The Frank et al. (2013) study implemented two classifiers in order to determine if a series of stroke patterns belonged to a particular user. These classifiers implemented the K-Nearest Neighbors and the Support Vector Machines algorithm. Frank et al. (2013) to identify a particular user.
Results
The model of Frank et al. (2013) has postulated that there are 30 features, which can be derived from a single stroke by a finger on a touch screen (see Appendix B for this list). As a first pass, we implemented the KNN and PCA algorithms as a basis for comparison to those of Frank et al. (2013). A python implementation is given in Appendix A.
KNN Implementation
We first tested the efficacy of all the features by implementing a K-Nearest Neighbors algorithm and compared it with the results obtained by Frank et al. (2013) who used MATLAB in their implementation. This was used as a basis for comparing their results with our implementation of this system and finding the PCA components (Figure 5). We utilized the KNN clustering algorithm because Frank et al. (2013), used it in their studies and we wished to insure that the dimensionality reduction that we found from the PCA analysis of the finger swiping data was not affected by the clustering algorithm used. This was important for comparison purposes.
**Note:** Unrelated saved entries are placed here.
text \<open>
  The level set \<open>D(\<alpha>)\<close> is compact, because \<open>\<rho>\<close> is continuous and vanishes at infinity.
  Compactness makes \<open>D(\<alpha>)\<close> depend continuously on the level in the Hausdorff metric:
  the slightly lower level sets \<open>D(\<alpha> - \<eta>)\<close> stay inside an \<open>\<epsilon>\<close>-neighbourhood of \<open>D(\<alpha>)\<close>,
  and by C(vi) finitely many points of \<open>{\<rho> > \<alpha>}\<close>, hence of some \<open>D(\<alpha> + \<gamma>)\<close>, are
  \<open>\<epsilon>\<close>-dense in \<open>D(\<alpha>)\<close>. A uniform perturbation of \<open>\<rho>\<close> and \<open>\<alpha>\<close> by at most \<open>\<delta>\<close> moves the
  sample level set between \<open>D(\<alpha> + 2\<delta>)\<close> and \<open>D(\<alpha> - 2\<delta>)\<close>, so
  \<open>d\<^sub>H(D\<^sub>n(\<alpha>\<^sub>n), D(\<alpha>)) > \<epsilon>\<close> forces \<open>sup |\<rho>\<^sub>n - \<rho>| > \<delta>\<close> or \<open>|\<alpha>\<^sub>n - \<alpha>| > \<delta>\<close>; both events
  have vanishing outer probability, and outer probability is subadditive.
\<close>

lemma outer_prob_nonneg: "0 \<le> outer_prob M S"
  unfolding outer_prob_def
  by (rule cInf_greatest) (auto intro!: exI[of _ "space M"])

lemma outer_prob_le_measure:
  assumes "A \<in> sets M" "S \<inter> space M \<subseteq> A"
  shows "outer_prob M S \<le> measure M A"
  unfolding outer_prob_def using assms
  by (intro cInf_lower bdd_belowI[of _ 0]) auto

lemma outer_prob_mono:
  assumes "S \<subseteq> T"
  shows "outer_prob M S \<le> outer_prob M T"
  unfolding outer_prob_def[of M T]
  by (rule cInf_greatest) (use assms in \<open>auto intro!: exI[of _ "space M"] outer_prob_le_measure\<close>)

lemma outer_prob_Un_le:
  assumes "prob_space M"
  shows "outer_prob M (S \<union> T) \<le> outer_prob M S + outer_prob M T"
proof -
  interpret prob_space M by fact
  have covers_nonempty: "{measure M A |A. A \<in> sets M \<and> X \<inter> space M \<subseteq> A} \<noteq> {}" for X
    by (auto intro!: exI[of _ "space M"])
  have "outer_prob M (S \<union> T) - measure M A \<le> measure M B"
    if A: "A \<in> sets M" "S \<inter> space M \<subseteq> A" and B: "B \<in> sets M" "T \<inter> space M \<subseteq> B" for A B
  proof -
    have "outer_prob M (S \<union> T) \<le> measure M (A \<union> B)"
      using A B by (intro outer_prob_le_measure) auto
    also have "\<dots> \<le> measure M A + measure M B"
      using A B by (intro measure_subadditive) auto
    finally show ?thesis by simp
  qed
  then have "outer_prob M (S \<union> T) - measure M A \<le> outer_prob M T"
    if "A \<in> sets M" "S \<inter> space M \<subseteq> A" for A
    using that unfolding outer_prob_def[of M T]
    by (intro cInf_greatest[OF covers_nonempty]) blast
  then have "outer_prob M (S \<union> T) - outer_prob M T \<le> outer_prob M S"
    unfolding outer_prob_def[of M S]
    by (intro cInf_greatest[OF covers_nonempty]) force
  then show ?thesis by simp
qed

lemma outer_prob_tendsto_zero_if_subset_Un:
  assumes "prob_space M"
    and "\<And>n. S n \<subseteq> T n \<union> U n"
    and "(\<lambda>n. outer_prob M (T n)) \<longlonglongrightarrow> 0"
    and "(\<lambda>n. outer_prob M (U n)) \<longlonglongrightarrow> 0"
  shows "(\<lambda>n. outer_prob M (S n)) \<longlonglongrightarrow> 0"
proof (rule tendsto_sandwich[OF _ _ tendsto_const])
  show "(\<lambda>n. outer_prob M (T n) + outer_prob M (U n)) \<longlonglongrightarrow> 0"
    using tendsto_add[OF assms(3,4)] by simp
  show "\<forall>\<^sub>F n in sequentially. outer_prob M (S n) \<le> outer_prob M (T n) + outer_prob M (U n)"
    using order_trans[OF outer_prob_mono[OF assms(2)] outer_prob_Un_le[OF assms(1)]] by simp
qed (simp add: outer_prob_nonneg)

lemma eps_nbhd_mono: "A \<subseteq> B \<Longrightarrow> eps_nbhd A e \<subseteq> eps_nbhd B e"
  unfolding eps_nbhd_def by blast

lemma haus_dist_le:
  assumes "e > 0" "A \<subseteq> eps_nbhd B e" "B \<subseteq> eps_nbhd A e"
  shows "haus_dist A B \<le> ereal e"
  unfolding haus_dist_def using assms by (intro Inf_lower) auto

lemma depth_region_shift_subset:
  assumes "\<And>y. rho y \<le> rho' y + c"
  shows "depth_region rho a \<subseteq> depth_region rho' (a - c)"
  using assms unfolding depth_region_def by (smt (verit) mem_Collect_eq subsetI)

lemma depth_region_antimono: "a \<le> b \<Longrightarrow> depth_region rho b \<subseteq> depth_region rho a"
  unfolding depth_region_def by auto

lemma closed_depth_region: "continuous_on UNIV rho \<Longrightarrow> closed (depth_region rho a)"
  unfolding depth_region_def by (intro closed_Collect_le continuous_intros) auto

lemma compact_depth_region:
  fixes rho :: "'a::{real_normed_vector, heine_borel} \<Rightarrow> real"
  assumes "continuous_on UNIV rho" "(rho \<longlongrightarrow> 0) at_infinity" "0 < a"
  shows "compact (depth_region rho a)"
proof -
  obtain b where b: "\<And>y. b \<le> norm y \<Longrightarrow> \<bar>rho y\<bar> < a"
    using assms(2,3) unfolding tendsto_iff eventually_at_infinity by force
  have "bounded (depth_region rho a)"
    unfolding bounded_iff depth_region_def
    by (intro exI[of _ b] ballI) (smt (verit) b mem_Collect_eq)
  then show ?thesis
    using closed_depth_region[OF assms(1)] compact_eq_bounded_closed by blast
qed

lemma lower_depth_region_subset_eps_nbhd:
  fixes rho :: "'a::{real_normed_vector, heine_borel} \<Rightarrow> real"
  assumes cont: "continuous_on UNIV rho" and tail: "(rho \<longlongrightarrow> 0) at_infinity"
    and "0 < a" "depth_region rho a \<noteq> {}" "e > 0"
  shows "\<exists>\<eta>>0. depth_region rho (a - \<eta>) \<subseteq> eps_nbhd (depth_region rho a) e"
proof -
  define D where "D = depth_region rho a"
  \<comment> \<open>The points of \<open>D(a/2)\<close> at distance \<open>\<ge> e\<close> from \<open>D\<close> form a compact set on which \<open>\<rho> < a\<close>;
      \<open>\<eta>\<close> is the gap between \<open>a\<close> and the maximum of \<open>\<rho>\<close> there.\<close>
  define K where "K = depth_region rho (a/2) \<inter> {y. e \<le> infdist y D}"
  have "compact K"
    unfolding K_def using compact_depth_region[OF cont tail] \<open>0 < a\<close>
    by (intro compact_Int_closed closed_Collect_le continuous_intros) auto
  have near: "y \<in> eps_nbhd D e" if "y \<in> depth_region rho (a/2)" "y \<notin> K" for y
  proof -
    obtain z where "z \<in> D" "infdist y D = dist y z"
      using infdist_attains_inf closed_depth_region[OF cont] assms(4) D_def by metis
    then show ?thesis using that by (force simp: K_def eps_nbhd_def)
  qed
  obtain \<eta> where "0 < \<eta>" "\<eta> \<le> a/2" and K_below: "\<And>y. y \<in> K \<Longrightarrow> rho y < a - \<eta>"
  proof (cases "K = {}")
    case True
    then show ?thesis using that[of "a/2"] \<open>0 < a\<close> by auto
  next
    case False
    obtain x where x: "x \<in> K" "\<And>y. y \<in> K \<Longrightarrow> rho y \<le> rho x"
      using continuous_attains_sup[OF \<open>compact K\<close> False continuous_on_subset[OF cont]] by blast
    have "x \<notin> D"
      using x(1) \<open>e > 0\<close> by (auto simp: K_def)
    then have "rho x < a"
      by (simp add: D_def depth_region_def)
    moreover have "0 < rho x"
      using x(1) \<open>0 < a\<close> by (auto simp: K_def depth_region_def)
    ultimately show ?thesis
      using that[of "(a - rho x)/2"] x(2) by (force simp: field_simps)
  qed
  have "depth_region rho (a - \<eta>) \<subseteq> eps_nbhd D e"
  proof
    fix y assume y: "y \<in> depth_region rho (a - \<eta>)"
    then have "y \<in> depth_region rho (a/2)" "y \<notin> K"
      using \<open>\<eta> \<le> a/2\<close> K_below by (force simp: depth_region_def)+
    then show "y \<in> eps_nbhd D e" by (rule near)
  qed
  then show ?thesis using \<open>0 < \<eta>\<close> D_def by blast
qed

lemma depth_region_subset_eps_nbhd_higher:
  fixes rho :: "'a::metric_space \<Rightarrow> real"
  assumes "compact (depth_region rho a)"
    and "closure {y. rho y > a} = depth_region rho a" and "e > 0"
  shows "\<exists>\<gamma>>0. depth_region rho a \<subseteq> eps_nbhd (depth_region rho (a + \<gamma>)) e"
proof -
  have "depth_region rho a \<subseteq> (\<Union>z\<in>{z. rho z > a}. ball z e)"
  proof
    fix x assume "x \<in> depth_region rho a"
    then obtain z where "rho z > a" "dist z x < e"
      using assms(2,3) by (metis (no_types, lifting) closure_approachable mem_Collect_eq)
    then show "x \<in> (\<Union>z\<in>{z. rho z > a}. ball z e)" by auto
  qed
  then obtain F where F: "F \<subseteq> {z. rho z > a}" "finite F" "depth_region rho a \<subseteq> (\<Union>z\<in>F. ball z e)"
    using compactE_image[OF assms(1)] by (metis open_ball)
  define \<gamma> where "\<gamma> = Min (insert 1 ((\<lambda>z. rho z - a) ` F))"
  have "\<gamma> > 0" unfolding \<gamma>_def using F by (subst Min_gr_iff) auto
  have "\<gamma> \<le> rho z - a" if "z \<in> F" for z
    unfolding \<gamma>_def using F(2) that by (intro Min_le) auto
  then have "F \<subseteq> depth_region rho (a + \<gamma>)"
    unfolding depth_region_def by fastforce
  have "depth_region rho a \<subseteq> eps_nbhd F e"
  proof
    fix x assume "x \<in> depth_region rho a"
    then obtain z where "z \<in> F" "dist x z < e"
      using F(3) by (auto simp: dist_commute)
    then show "x \<in> eps_nbhd F e" unfolding eps_nbhd_def by (auto intro!: bexI[of _ z])
  qed
  also have "\<dots> \<subseteq> eps_nbhd (depth_region rho (a + \<gamma>)) e"
    by (rule eps_nbhd_mono) fact
  finally show ?thesis using \<open>\<gamma> > 0\<close> by blast
qed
Figure 5. Equal error rate percentage that was achieved by our implementation of the KNN and PCA for finger swiping. This value was approximately equal to that obtained by Frank et al. (2013), despite the fact that fewer features of the finger swiping were utilized.
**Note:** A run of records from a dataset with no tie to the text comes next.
lemma max_principle_nonpos:
  fixes u u' u'' :: "real \<Rightarrow> real"
  assumes "a < b" and "0 \<le> c"
    and d1: "\<And>y. y \<in> {a..b} \<Longrightarrow> (u has_real_derivative u' y) (at y within {a..b})"
    and d2: "\<And>y. y \<in> {a..b} \<Longrightarrow> (u' has_real_derivative u'' y) (at y within {a..b})"
    and ineq: "\<And>y. a < y \<Longrightarrow> y < b \<Longrightarrow> c * u y \<le> u'' y"
    and "u a \<le> 0" "u b \<le> 0" "y \<in> {a..b}"
  shows "u y \<le> 0"
proof (rule ccontr)
  assume "\<not> u y \<le> 0"
  define \<epsilon> where "\<epsilon> = u y / (b - a)\<^sup>2"
  have "0 < \<epsilon>"
    using \<open>\<not> u y \<le> 0\<close> assms by (simp add: \<epsilon>_def)
  \<comment> \<open>The perturbation \<open>v\<close> is still positive at \<open>y\<close>, so it has an interior maximum,
      where \<open>v'' = u'' + 2 \<epsilon> > 0\<close> contradicts the second derivative test.\<close>
  define v where "v t = u t + \<epsilon> * ((t - a) * (t - b))" for t
  define v' where "v' t = u' t + \<epsilon> * (2 * t - a - b)" for t
  define v'' where "v'' t = u'' t + 2 * \<epsilon>" for t
  have dv: "(v has_real_derivative v' t) (at t within {a..b})"
    and dv': "(v' has_real_derivative v'' t) (at t within {a..b})" if "t \<in> {a..b}" for t
    unfolding v_def v'_def v''_def
    by (auto intro!: derivative_eq_intros d1[OF that] d2[OF that] simp: algebra_simps)
  obtain m where m: "m \<in> {a..b}" "\<And>t. t \<in> {a..b} \<Longrightarrow> v t \<le> v m"
    using continuous_attains_sup[OF compact_Icc _ DERIV_continuous_on[OF dv]] assms by auto
  have "- (b - a)\<^sup>2 / 4 \<le> (y - a) * (y - b)"
    using zero_le_power2[of "2 * y - a - b"] by (simp add: power2_eq_square algebra_simps divide_simps)
  then have "\<epsilon> * (- (b - a)\<^sup>2 / 4) \<le> \<epsilon> * ((y - a) * (y - b))"
    using \<open>0 < \<epsilon>\<close> by (intro mult_left_mono) auto
  moreover have "\<epsilon> * (- (b - a)\<^sup>2 / 4) = - u y / 4"
    using assms by (simp add: \<epsilon>_def)
  ultimately have "0 < v y"
    using \<open>\<not> u y \<le> 0\<close> by (simp add: v_def)
  then have "0 < v m"
    using m \<open>y \<in> {a..b}\<close> by force
  moreover have "v a \<le> 0" "v b \<le> 0"
    using assms by (auto simp: v_def)
  ultimately have m_inner: "a < m" "m < b"
    using m(1) by (auto simp: less_le)
  have "v'' m \<le> 0"
  proof (rule local_max_imp_second_deriv_nonpos[OF m_inner])
    fix t
    assume t: "a < t" "t < b"
    then show "(v has_real_derivative v' t) (at t)" "(v' has_real_derivative v'' t) (at t)"
      using dv[of t] dv'[of t] by (auto simp: at_within_Icc_at)
    show "v t \<le> v m"
      using m t by auto
  qed
  have "\<epsilon> * ((m - a) * (m - b)) \<le> 0"
    using m_inner \<open>0 < \<epsilon>\<close> by (intro mult_nonneg_nonpos) auto
  then have "0 < u m"
    using \<open>0 < v m\<close> by (simp add: v_def)
  then have "0 \<le> u'' m"
    using ineq[OF m_inner] \<open>0 \<le> c\<close> by (meson mult_nonneg_nonneg less_imp_le order_trans)
  with \<open>v'' m \<le> 0\<close> \<open>0 < \<epsilon>\<close> show False
    by (simp add: v''_def)
qed

lemma max_principle_bound:
  fixes u u' u'' :: "real \<Rightarrow> real"
  assumes "a < b" "0 \<le> c" "0 \<le> A" "0 \<le> B"
    and d1: "\<And>y. y \<in> {a..b} \<Longrightarrow> (u has_real_derivative u' y) (at y within {a..b})"
    and d2: "\<And>y. y \<in> {a..b} \<Longrightarrow> (u' has_real_derivative u'' y) (at y within {a..b})"
    and ineq: "\<And>y. y \<in> {a..b} \<Longrightarrow> - B \<le> u'' y - c * u y"
    and "u a \<le> A" "u b \<le> A" "y \<in> {a..b}"
  shows "u y \<le> A + B * ((y - a) * (b - y) / 2)"
proof -
  define w where "w t = u t - A - B * ((t - a) * (b - t) / 2)" for t
  have "w y \<le> 0"
  proof (rule max_principle_nonpos[of a b c w "\<lambda>t. u' t - B * ((a + b - 2 * t) / 2)" "\<lambda>t. u'' t + B"])
    show "(w has_real_derivative u' t - B * ((a + b - 2 * t) / 2)) (at t within {a..b})"
      if "t \<in> {a..b}" for t
      unfolding w_def by (auto intro!: derivative_eq_intros d1[OF that] simp: field_simps)
    show "((\<lambda>t. u' t - B * ((a + b - 2 * t) / 2)) has_real_derivative u'' t + B)
        (at t within {a..b})" if "t \<in> {a..b}" for t
      by (auto intro!: derivative_eq_intros d2[OF that] simp: algebra_simps)
    show "c * w t \<le> u'' t + B" if "a < t" "t < b" for t
    proof -
      have "0 \<le> c * A + c * (B * ((t - a) * (b - t) / 2))"
        using assms that by simp
      then show ?thesis
        using ineq[of t] that by (simp add: w_def algebra_simps)
    qed
  qed (use assms in \<open>auto simp: w_def\<close>)
  then show ?thesis
    by (simp add: w_def)
qed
We implemented a principal component (PCA) program (Appendix A) to extract the dominant features from the given 30 features and compared the results to those using the K-nearest neighbor algorithm.
PCA-Based Algorithm Design and Implementation
It is possible to determine which features in a dataset are more relevant when performing principal component analysis process. Hence, the phone ID, User ID, and document ID fields were removed from the dataset as (Frank et al., 2013) indicated that such were not to be used for testing. Feature Scaling was then performed on the data using the standardization technique. A covariance matrix was then extracted from the dataset using the scikit-learn library in Python (Pedregosa et al., 2011). This was followed by an eigenvector decomposition from this matrix using the scikit-learn Python library function.
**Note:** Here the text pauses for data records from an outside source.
lemma hnorm_add_le:
  assumes f: "f \<in> H" and g: "g \<in> H"
  shows "hnorm (\<lambda>x. f x + g x) \<le> hnorm f + hnorm g"
proof (rule power2_le_imp_le)
  have "(hnorm (\<lambda>x. f x + g x))\<^sup>2 = ip f f + 2 * ip f g + ip g g"
    using f g by (simp add: hnorm_power2 add_mem ip_self_add)
  also have "\<dots> \<le> (hnorm f)\<^sup>2 + 2 * (hnorm f * hnorm g) + (hnorm g)\<^sup>2"
    using ip_le_hnorm_mult[OF f g] f g by (simp add: hnorm_power2)
  finally show "(hnorm (\<lambda>x. f x + g x))\<^sup>2 \<le> (hnorm f + hnorm g)\<^sup>2"
    by (simp add: power2_sum)
  show "0 \<le> hnorm f + hnorm g"
    using f g by (simp add: hnorm_nonneg)
qed

lemma hnorm_diff_le: "f \<in> H \<Longrightarrow> g \<in> H \<Longrightarrow> hnorm (\<lambda>x. f x - g x) \<le> hnorm f + hnorm g"
  using hnorm_add_le[OF _ scale_mem, of f g "-1"] hnorm_scale[of g "-1"] by simp

lemma hnorm_sum_le:
  "finite A \<Longrightarrow> (\<And>i. i \<in> A \<Longrightarrow> u i \<in> H) \<Longrightarrow> hnorm (\<lambda>x. \<Sum>i\<in>A. u i x) \<le> (\<Sum>i\<in>A. hnorm (u i))"
proof (induction A rule: finite_induct)
  case empty
  then show ?case
    using hnorm_scale[OF zero_mem, of 0] by simp
next
  case (insert a A)
  then have "hnorm (\<lambda>x. u a x + (\<Sum>i\<in>A. u i x)) \<le> hnorm (u a) + hnorm (\<lambda>x. \<Sum>i\<in>A. u i x)"
    using hnorm_add_le[of "u a" "\<lambda>x. \<Sum>i\<in>A. u i x"] sum_mem[of A u] by simp
  with insert show ?case
    by simp
qed

lemma parallelogram:
  "f \<in> H \<Longrightarrow> g \<in> H \<Longrightarrow>
    (hnorm (\<lambda>x. f x + g x))\<^sup>2 + (hnorm (\<lambda>x. f x - g x))\<^sup>2 = 2 * (hnorm f)\<^sup>2 + 2 * (hnorm g)\<^sup>2"
  by (simp add: hnorm_power2 add_mem diff_mem ip_self_add ip_self_diff)

lemma exists_sign_hnorm_add_ge:
  assumes "f \<in> H" and "g \<in> H"
  obtains t :: real where "t = 1 \<or> t = -1"
    "(hnorm f)\<^sup>2 + (hnorm g)\<^sup>2 \<le> (hnorm (\<lambda>x. f x + t * g x))\<^sup>2"
proof -
  have "(hnorm f)\<^sup>2 + (hnorm g)\<^sup>2 \<le> (hnorm (\<lambda>x. f x + g x))\<^sup>2 \<or>
      (hnorm f)\<^sup>2 + (hnorm g)\<^sup>2 \<le> (hnorm (\<lambda>x. f x - g x))\<^sup>2"
    using parallelogram[OF assms] by linarith
  then show ?thesis
    using that[of 1] that[of "-1"] by auto
qed

lemma exists_signs_hnorm_sum_ge:
  assumes "finite G" and "\<And>x. x \<in> G \<Longrightarrow> u x \<in> H"
  shows "\<exists>e. (\<forall>x. e x = 1 \<or> e x = -1) \<and>
    (\<Sum>x\<in>G. (hnorm (u x))\<^sup>2) \<le> (hnorm (\<lambda>y. \<Sum>x\<in>G. e x * u x y))\<^sup>2"
  using assms
proof (induction G rule: finite_induct)
  case empty
  show ?case
    by (rule exI[of _ "\<lambda>_. 1"]) simp
next
  case (insert a G)
  then obtain e where e: "\<forall>x. e x = 1 \<or> e x = -1"
    and IH: "(\<Sum>x\<in>G. (hnorm (u x))\<^sup>2) \<le> (hnorm (\<lambda>y. \<Sum>x\<in>G. e x * u x y))\<^sup>2"
    by auto
  define s where "s = (\<lambda>y. \<Sum>x\<in>G. e x * u x y)"
  have a: "u a \<in> H"
    using insert.prems by simp
  have "(\<lambda>y. e x * u x y) \<in> H" if "x \<in> G" for x
    using insert.prems that by (simp add: scale_mem)
  then have s: "s \<in> H"
    unfolding s_def using insert.hyps(1) by (rule sum_mem[rotated])
  have sum_upd: "(\<lambda>y. \<Sum>x\<in>insert a G. (e(a := t)) x * u x y) = (\<lambda>y. s y + t * u a y)" for t
  proof
    fix y
    have "(\<Sum>x\<in>G. (e(a := t)) x * u x y) = s y"
      unfolding s_def using insert.hyps(2) by (intro sum.cong) auto
    then show "(\<Sum>x\<in>insert a G. (e(a := t)) x * u x y) = s y + t * u a y"
      using insert.hyps by simp
  qed
  obtain t where t: "t = 1 \<or> t = -1"
    and "(hnorm s)\<^sup>2 + (hnorm (u a))\<^sup>2 \<le> (hnorm (\<lambda>y. s y + t * u a y))\<^sup>2"
    using exists_sign_hnorm_add_ge[OF s a] by blast
  moreover have "(\<Sum>x\<in>insert a G. (hnorm (u x))\<^sup>2) \<le> (hnorm s)\<^sup>2 + (hnorm (u a))\<^sup>2"
    using IH insert.hyps by (simp add: s_def)
  ultimately have "(\<Sum>x\<in>insert a G. (hnorm (u x))\<^sup>2) \<le>
      (hnorm (\<lambda>y. \<Sum>x\<in>insert a G. (e(a := t)) x * u x y))\<^sup>2"
    unfolding sum_upd by linarith
  moreover have "\<forall>x. (e(a := t)) x = 1 \<or> (e(a := t)) x = -1"
    using e t by simp
  ultimately show ?case
    by blast
qed

lemma hnorm_Cauchy_imp_convergent:
  assumes "\<And>n. u n \<in> H" and "\<forall>e>0. \<exists>N. \<forall>m\<ge>N. \<forall>n\<ge>N. hnorm (\<lambda>x. u m x - u n x) < e"
  shows "\<exists>f\<in>H. (\<lambda>n. hnorm (\<lambda>x. u n x - f x)) \<longlonglongrightarrow> 0"
  using hilbert assms unfolding hilbert_function_space_def hnorm_def by blast

lemma summable_hnorm_imp_convergent:
  assumes u: "\<And>j. u j \<in> H" and summable: "summable (\<lambda>j. hnorm (u j))"
  shows "\<exists>G\<in>H. (\<lambda>n. hnorm (\<lambda>x. (\<Sum>j<n. u j x) - G x)) \<longlonglongrightarrow> 0"
proof (rule hnorm_Cauchy_imp_convergent)
  define S where "S n = (\<lambda>x. \<Sum>j<n. u j x)" for n
  show S: "(\<lambda>x. \<Sum>j<n. u j x) \<in> H" for n
    using u by (simp add: sum_mem)
  have S_diff: "hnorm (\<lambda>x. S n x - S m x) \<le> (\<Sum>j\<in>{m..<n}. hnorm (u j))" if "m \<le> n" for m n
  proof -
    have "S n x - S m x = (\<Sum>j\<in>{m..<n}. u j x)" for x
      using sum_diff_nat_ivl[of 0 m n] that by (simp add: S_def lessThan_atLeast0)
    then have "(\<lambda>x. S n x - S m x) = (\<lambda>x. \<Sum>j\<in>{m..<n}. u j x)"
      by simp
    then show ?thesis
      using u by (simp add: hnorm_sum_le)
  qed
  show "\<forall>e>0. \<exists>N. \<forall>m\<ge>N. \<forall>n\<ge>N. hnorm (\<lambda>x. (\<Sum>j<m. u j x) - (\<Sum>j<n. u j x)) < e"
  proof (intro allI impI)
    fix e :: real
    assume "e > 0"
    with summable obtain N where "\<forall>m\<ge>N. \<forall>n. norm (\<Sum>j\<in>{m..<n}. hnorm (u j)) < e"
      unfolding summable_Cauchy by blast
    then have N: "(\<Sum>j\<in>{m..<n}. hnorm (u j)) < e" if "m \<ge> N" for m n
      using that by (simp add: hnorm_nonneg u sum_nonneg)
    have S_close: "hnorm (\<lambda>x. S m x - S n x) < e" if "N \<le> n" "n \<le> m" for m n
      using S_diff[OF that(2)] N[OF that(1), of m] by linarith
    have "hnorm (\<lambda>x. S m x - S n x) < e" if "m \<ge> N" "n \<ge> N" for m n
    proof (cases "n \<le> m")
      case True
      with that show ?thesis
        by (simp add: S_close)
    next
      case False
      with that have "hnorm (\<lambda>x. S n x - S m x) < e"
        by (simp add: S_close)
      then show ?thesis
        using hnorm_diff_commute[OF S[of n] S[of m]] by (simp add: S_def)
    qed
    then show "\<exists>N. \<forall>m\<ge>N. \<forall>n\<ge>N. hnorm (\<lambda>x. (\<Sum>j<m. u j x) - (\<Sum>j<n. u j x)) < e"
      unfolding S_def by blast
  qed
qed

end

locale rkhs_space =
  fixes H :: "('a \<Rightarrow> real) set" and ip :: "('a \<Rightarrow> real) \<Rightarrow> ('a \<Rightarrow> real) \<Rightarrow> real"
  assumes rkhs: "rkhs H ip"

sublocale rkhs_space \<subseteq> hilbert_fun_space
  using rkhs unfolding rkhs_def by unfold_locales blast

context rkhs_space
begin

lemma eval_bounded: "\<exists>C. \<forall>f\<in>H. \<bar>f x\<bar> \<le> C * hnorm f"
  using rkhs unfolding rkhs_def hnorm_def by blast

lemma hnorm_tendsto_imp_tendsto:
  assumes u: "\<And>n. u n \<in> H" and f: "f \<in> H" and lim: "(\<lambda>n. hnorm (\<lambda>x. u n x - f x)) \<longlonglongrightarrow> 0"
  shows "(\<lambda>n. u n x) \<longlonglongrightarrow> f x"
proof -
  obtain C where C: "\<forall>f\<in>H. \<bar>f x\<bar> \<le> C * hnorm f"
    using eval_bounded by blast
  have "norm (u n x - f x) \<le> C * hnorm (\<lambda>x. u n x - f x)" for n
    using bspec[OF C diff_mem[OF u f]] by simp
  then have "\<forall>\<^sub>F n in sequentially. norm (u n x - f x) \<le> C * hnorm (\<lambda>x. u n x - f x)"
    by simp
  moreover have "(\<lambda>n. C * hnorm (\<lambda>x. u n x - f x)) \<longlonglongrightarrow> 0"
    using tendsto_mult_right_zero[OF lim] .
  ultimately have "(\<lambda>n. u n x - f x) \<longlonglongrightarrow> 0"
    by (rule Lim_null_comparison)
  then show ?thesis
    by (simp add: LIM_zero_iff)
qed

lemma hnorm_le_suminf:
  assumes u: "\<And>j. u j \<in> H" and summable: "summable (\<lambda>j. hnorm (u j))"
    and f: "f \<in> H" and conv: "\<And>x. (\<lambda>n. \<Sum>j<n. u j x) \<longlonglongrightarrow> f x"
  shows "hnorm f \<le> (\<Sum>j. hnorm (u j))"
proof -
  define S where "S n = (\<lambda>x. \<Sum>j<n. u j x)" for n
  have S: "S n \<in> H" for n
    unfolding S_def using u by (simp add: sum_mem)
  obtain G where G: "G \<in> H" and lim: "(\<lambda>n. hnorm (\<lambda>x. S n x - G x)) \<longlonglongrightarrow> 0"
    using summable_hnorm_imp_convergent[OF u summable] by (auto simp: S_def)
  have "G = f"
  proof
    fix x
    have "(\<lambda>n. \<Sum>j<n. u j x) \<longlonglongrightarrow> G x"
      using hnorm_tendsto_imp_tendsto[OF S G lim] by (simp add: S_def)
    then show "G x = f x"
      using conv LIMSEQ_unique by blast
  qed
  have "hnorm f - (\<Sum>j. hnorm (u j)) \<le> hnorm (\<lambda>x. S n x - G x)" for n
  proof -
    have "hnorm f \<le> hnorm (S n) + hnorm (\<lambda>x. f x - S n x)"
      using hnorm_add_le[OF S diff_mem[OF f S], of n n] by simp
    also have "hnorm (S n) \<le> (\<Sum>j<n. hnorm (u j))"
      unfolding S_def using u by (simp add: hnorm_sum_le)
    also have "\<dots> \<le> (\<Sum>j. hnorm (u j))"
      using summable u by (simp add: sum_le_suminf hnorm_nonneg)
    finally show ?thesis
      using hnorm_diff_commute[OF f S] \<open>G = f\<close> by simp
  qed
  then have "hnorm f - (\<Sum>j. hnorm (u j)) \<le> 0"
    using LIMSEQ_le_const[OF lim] by blast
  then show ?thesis
    by simp
qed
The distribution of the variance among all the Principal Components derived from the dataset with descending variance shows that the first 15 principal components contain most of the variance (Figures 6, 7). Among these principal components, we consistently determined the following dominant features that can be used in computing the equal error rate:
1. average velocity
2. largest deviation from end-to-end line
3. 50%-perc. pairwise acc
4. length of trajectory
5. start $y$
6. mean resultant length
7. up/down/left/right flag
8. start $x$
9. mid-stroke area covered
10. inter-stroke time
11. mid-stroke pressure
12. mid-stroke finger orientation
13. stroke duration
14. 20%-perc. pairwise velocity
15. phone orientation.
Figure 6. Variance as a function of principal component f(PC#) using the data from Frank et al. (2013). The variance orders the principal components. The cumulative variance reaches a plateau and is a measure of the number of PC's necessary to contain the information necessary to identify a pattern of finger swiping.
Figure 7. The variance vs. the 30 principal components. The cumulative variance reached a plateau at close to 15 principal components. We found that 23 of the 30 principal components were the most prominent. See text for details.
Therefore, we can conclude that these 15 features are most helpful in uniquely identifying a user on a mobile device. The full rankings of the features up to 23 can be found in Appendix C.
Performing Cross-Validation on Touchalytics Dataset
The authentication problem which we are trying to solve can be described as a two class classifier (Bishop, 2006). That is, the classifier should determine whether the user is authorized to use the device or is not authorized to use the devise using features representing the touch patterns of 40 different users interacting with five different documents on a mobile device. We start by selecting all of the strokes belonging to a particular user and recording a count of such. These strokes are given a label of “Class One.” We then randomly select the same number of strokes belonging to the other users. These are given the label “Class Two” Hence, we have the same number of strokes belonging to Class One and Class Two. The data was then cleaned by removing the rows with missing and infinite values. In addition, the class column was designated the target variable “Y” and was removed. Furthermore, the doc id, user id, phone id, and class were removed from the data set as these were deemed to not have any impact on the results by Frank et al. (2013). The remaining columns were designated as the variable X.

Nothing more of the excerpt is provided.